ARNE MATSCHINSKY, Hamburg

Neues Spekulationsmodell

betr.: „Kampf um Krebsmedikamente“, taz vom 19. 10. 16

„Wir wissen um das Leid der Patienten und müssen gleichzeitig abwägen, zu welchem Preis wir einen Marktverbleib ermöglichen können.“ Genau das ist das Problem. AstraZeneca, so meine Vermutung, droht mit dem Marktentzug wohl deshalb, weil Deutschland als Referenzland für die Preise anderer Länder gilt. Ein relativ niedriger Preis hier würde die maximale Rendite – und darum geht es – mindern.

Die Preise für neue Arzneimittel haben sich inzwischen völlig von den Kosten für Forschung, Entwicklung und Produktion abgekoppelt. Mondpreise werden primär bestimmt durch die Bereitschaft der Gesellschaft, zu zahlen, die mit dem Leid der Patienten in Geiselhaft genommen wird. Ursächlich dafür sind die zeitlich begrenzten staatlich garantierten Monopole ­(Patente). Damit sind lebenswichtige Medikamente nicht mehr für alle zugänglich, und diese Preise drohen über kurz oder lang die Gesundheitssysteme, selbst in den reichen Ländern, zu sprengen. Warum legen die Hersteller ihre Entwicklungskosten nicht offen? Dann könnte man auf dieser Basis den Preis verhandeln.

Das ist das zunehmend neue Spekulationsmodell von Big Pharma. Monopoly um den Preis des Lebens. Diesen Kontext hätte die Autorin zumindest aufzeigen müssen.
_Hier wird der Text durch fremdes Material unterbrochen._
lemma lam_inj: "i < r \<Longrightarrow> j < r \<Longrightarrow> lam i = lam j \<Longrightarrow> i = j"
proof (rule ccontr)
  \<comment> \<open>a double root would give two independent eigenvectors, but its eigenspace is a line\<close>
  assume i: "i < r" and j: "j < r" and eq: "lam i = lam j" and "i \<noteq> j"
  define f where "f k = [:- lam k, 1:]" for k
  have "(\<Prod>k<r. f k) = f i * (\<Prod>k\<in>{..<r} - {i}. f k)"
    using i by (simp add: prod.remove)
  also have "(\<Prod>k\<in>{..<r} - {i}. f k) = f j * (\<Prod>k\<in>{..<r} - {i} - {j}. f k)"
    using i j \<open>i \<noteq> j\<close> by (subst prod.remove[of _ j]) auto
  finally have "f i * f j dvd (\<Prod>k<r. f k)" by simp
  hence "[:- lam i, 1:] ^ 2 dvd char_poly T"
    unfolding lam_eigs f_def eq by (simp add: power2_eq_square dvd_mult)
  moreover have "char_poly T \<noteq> 0" using degree_monic_char_poly[OF T_carrier] by auto
  ultimately have "2 \<le> Polynomial.order (lam i) (char_poly T)" by (rule order_max)
  then obtain a b where "eigenvector T a (lam i)" "eigenvector T b (lam i)" "\<forall>c. a \<noteq> c \<cdot>\<^sub>v b"
    using multiple_root_independent_eigenvectors[OF char_poly_T_splits] by blast
  with eigenvectors_collinear[OF mult1 lam_pos[OF i]] show False
    by (auto simp: eigenvector_iff)
qed

lemma eigenvector_collinear_w:
  assumes "eigenvector T p \<mu>" "\<mu> \<noteq> 0"
  shows "\<exists>i<r. \<exists>c. p = c \<cdot>\<^sub>v w i"
proof -
  obtain i where i: "i < r" "\<mu> = lam i" using eigenvalue_eq_lam[OF assms] by blast
  with assms(1) show ?thesis
    using eigenvectors_collinear[OF mult1 lam_pos[OF i(1)] _ _ w_eigenvector[OF i(1)]]
    by (auto simp: eigenvector_iff)
qed

lemma w_orthogonal: "i < r \<Longrightarrow> j < r \<Longrightarrow> i \<noteq> j \<Longrightarrow> w i \<bullet> (G *\<^sub>v w j) = 0"
  using w_eigvec lam_inj by (blast intro: eigenvectors_orthogonal)

lemma right_sing_vec_orthonormal:
  "i < r \<Longrightarrow> j < r \<Longrightarrow> inner (right_sing_vec i) (right_sing_vec j) = (if i = j then 1 else 0)"
  using w_carrier w_norm_pos[of i] unfolding right_sing_vec_def
  by (cases "i = j") (simp_all add: inner_feat_comb w_orthogonal real_sqrt_mult[symmetric])

lemma right_sing_vec_in_sv_space: "i < r \<Longrightarrow> right_sing_vec i \<in> sv_space S (sqrt (lam i))"
  using w_eigvec lam_pos[of i] unfolding right_sing_vec_def
  by (intro sv_space_scaleR[OF linear_op_S] feat_comb_eigenvector_in_sv_space) auto

lemma left_sing_vec_orthonormal:
  assumes i: "i < r" and j: "j < r"
  shows "inner (left_sing_vec i) (left_sing_vec j) = (if i = j then 1 else 0)"
proof -
  have "inner (left_sing_vec i) (left_sing_vec j) =
      1 / sqrt (lam i) * (1 / sqrt (lam j)) * inner (S (right_sing_vec i)) (S (right_sing_vec j))"
    by (simp add: left_sing_vec_def)
  also have "inner (S (right_sing_vec i)) (S (right_sing_vec j)) = lam j * (if i = j then 1 else 0)"
    using right_sing_vec_in_sv_space[OF j] lam_pos[OF j] right_sing_vec_orthonormal[OF i j]
    unfolding sv_space_def by simp
  finally show ?thesis
    using lam_pos[OF j] by (simp add: real_sqrt_mult[symmetric])
qed

lemma op_S_vanishes_on_orthogonal_complement:
  assumes orth: "\<And>i. i < r \<Longrightarrow> inner (right_sing_vec i) z = 0"
  shows "S z = 0"
proof -
  obtain a where a: "a \<in> carrier_vec m" "G *\<^sub>v a = feat_adj \<phi> x m z"
    using G_solvable[of "feat_adj \<phi> x m z"] by auto
  have Sz: "S z = S (\<Phi> a)"
    using B_carrier a by (simp add: op_S_eq feat_adj_feat_comb)
  have "a \<bullet> (G *\<^sub>v p) = 0" if eig: "eigenvector T p \<mu>" "\<mu> \<noteq> 0" for p \<mu>
  proof -
    obtain i c where i: "i < r" and p: "p = c \<cdot>\<^sub>v w i"
      using eigenvector_collinear_w[OF eig] by blast
    have "inner (\<Phi> (w i)) z = 0"
      using orth[OF i] w_norm_pos[OF i] by (simp add: right_sing_vec_def)
    hence "w i \<bullet> (G *\<^sub>v a) = 0" using a w_carrier[OF i] by (simp add: inner_feat_comb_left)
    hence "a \<bullet> (G *\<^sub>v w i) = 0"
      by (subst gram_scalar_prod_commute) (use a w_carrier[OF i] in auto)
    thus ?thesis unfolding p using a w_carrier[OF i] by (simp add: form_smult_right)
  qed
  hence "a \<bullet> (G *\<^sub>v (T *\<^sub>v a)) = 0"
    using form_vanishes_if_orthogonal_to_eigenvectors[OF char_poly_T_splits a(1)] by blast
  thus ?thesis unfolding Sz using inner_op_S_feat_comb_both[OF a(1) a(1)] by simp
qed

lemma op_S_svd: "S h = (\<Sum>i<r. sqrt (lam i) *\<^sub>R tensor_op (left_sing_vec i) (right_sing_vec i) h)"
proof -
  define z where "z = h - (\<Sum>i<r. inner (right_sing_vec i) h *\<^sub>R right_sing_vec i)"
  have "inner (right_sing_vec j) z = 0" if j: "j < r" for j
  proof -
    have "inner (right_sing_vec j) z =
        inner (right_sing_vec j) h - (\<Sum>i<r. inner (right_sing_vec i) h * (if j = i then 1 else 0))"
      using j by (simp add: z_def inner_diff_right inner_sum_right right_sing_vec_orthonormal)
    thus ?thesis using j by (simp add: if_distrib cong: if_cong)
  qed
  hence "S z = 0" by (rule op_S_vanishes_on_orthogonal_complement)
  hence "S h = (\<Sum>i<r. inner (right_sing_vec i) h *\<^sub>R S (right_sing_vec i))"
    unfolding z_def by (simp add: linear_diff[OF linear_op_S] linear_sum[OF linear_op_S]
        linear_scale[OF linear_op_S])
  also have "\<dots> = (\<Sum>i<r. sqrt (lam i) *\<^sub>R tensor_op (left_sing_vec i) (right_sing_vec i) h)"
  proof (intro sum.cong refl)
    fix i assume "i \<in> {..<r}"
    hence "0 < lam i" by (simp add: lam_pos)
    thus "inner (right_sing_vec i) h *\<^sub>R S (right_sing_vec i) =
        sqrt (lam i) *\<^sub>R tensor_op (left_sing_vec i) (right_sing_vec i) h"
      by (simp add: tensor_op_def left_sing_vec_def)
  qed
  finally show ?thesis .
qed

end

theorem proposition3p13:
  fixes \<phi> :: "'x \<Rightarrow> 'h::{real_inner,complete_space}"
    and \<psi> :: "'y \<Rightarrow> 'f::{real_inner,complete_space}"
    and x :: "nat \<Rightarrow> 'x" and y :: "nat \<Rightarrow> 'y" and m n r :: nat
    and B :: "real mat" and lam :: "nat \<Rightarrow> real" and w :: "nat \<Rightarrow> real vec"
  defines "S \<equiv> op_S \<phi> x m \<psi> y n B"
    and "G\<^sub>\<Phi> \<equiv> gram \<phi> x m" and "G\<^sub>\<Psi> \<equiv> gram \<psi> y n"
  defines "M \<equiv> transpose_mat B * G\<^sub>\<Psi> * B"
  defines "v \<equiv> (\<lambda>i. (1 / sqrt (scalar_prod (w i) (G\<^sub>\<Phi> *\<^sub>v w i))) *\<^sub>R feat_comb \<phi> x m (w i))"
  defines "u \<equiv> (\<lambda>i. (1 / sqrt (lam i)) *\<^sub>R S (v i))"
  assumes rkhs_H: "rkhs_feature \<phi>" and rkhs_F: "rkhs_feature \<psi>"
    and indep_\<Phi>: "lin_indep_family \<phi> x m" and indep_\<Psi>: "lin_indep_family \<psi> y n"
    and B_dim: "B \<in> carrier_mat n m"
    and mult1: "\<And>\<sigma>. singular_value S \<sigma> \<Longrightarrow> sv_multiplicity S \<sigma> = 1"
    and lam_nonzero: "\<And>i. i < r \<Longrightarrow> lam i \<noteq> 0"
    and lam_eigs: "char_poly (M * G\<^sub>\<Phi>) = monom 1 (m - r) * (\<Prod>i<r. [:- lam i, 1:])"
    and w_eigvec: "\<And>i. i < r \<Longrightarrow> w i \<in> carrier_vec m \<and> w i \<noteq> 0\<^sub>v m \<and>
                          (M * G\<^sub>\<Phi>) *\<^sub>v w i = lam i \<cdot>\<^sub>v w i"
  shows "(\<forall>i<r. lam i > 0)
    \<and> (\<forall>i<r. \<forall>j<r. inner (u i) (u j) = (if i = j then 1 else 0))
    \<and> (\<forall>i<r. \<forall>j<r. inner (v i) (v j) = (if i = j then 1 else 0))
    \<and> S = (\<lambda>h. \<Sum>i<r. sqrt (lam i) *\<^sub>R tensor_op (u i) (v i) h)"
proof -
  interpret svd_data \<phi> x m \<psi> y n B r lam w
    by unfold_locales
      (use B_dim indep_\<Phi> mult1 lam_nonzero lam_eigs w_eigvec in
        \<open>simp_all add: S_def M_def G\<^sub>\<Phi>_def G\<^sub>\<Psi>_def\<close>)
  have v_eq: "v = right_sing_vec"
    by (rule ext) (simp add: v_def G\<^sub>\<Phi>_def right_sing_vec_def)
  have u_eq: "u = left_sing_vec"
    by (rule ext) (simp add: u_def S_def v_eq left_sing_vec_def)
  show ?thesis
    unfolding u_eq v_eq S_def
    using lam_pos left_sing_vec_orthonormal right_sing_vec_orthonormal op_S_svd by auto
qed

end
DIETER LEHMKUHL, Arzt, Berlin

Simpel aus dem Amt loben?

betr.: „Einer für alle ist Illusion“, taz vom 25. 10. 16

Warum diskutiert die taz, wie auch viele andere Medien, Herrn Steinmeier als Bundespräsidenten, wo dieser am letzten Samstag im TV-Interview für mich sehr eindeutig mitteilte, dass die ­aktuellen Krisen in Syrien und der Ukraine seine aktuellen und auch künftigen Präferenzen seien.

Ist es abwegig, anzunehmen, dass Steinmeier, der weniger die US-Positionen vertritt als die Kanzlerin, ganz simpel aus dem Amt gelobt werden soll?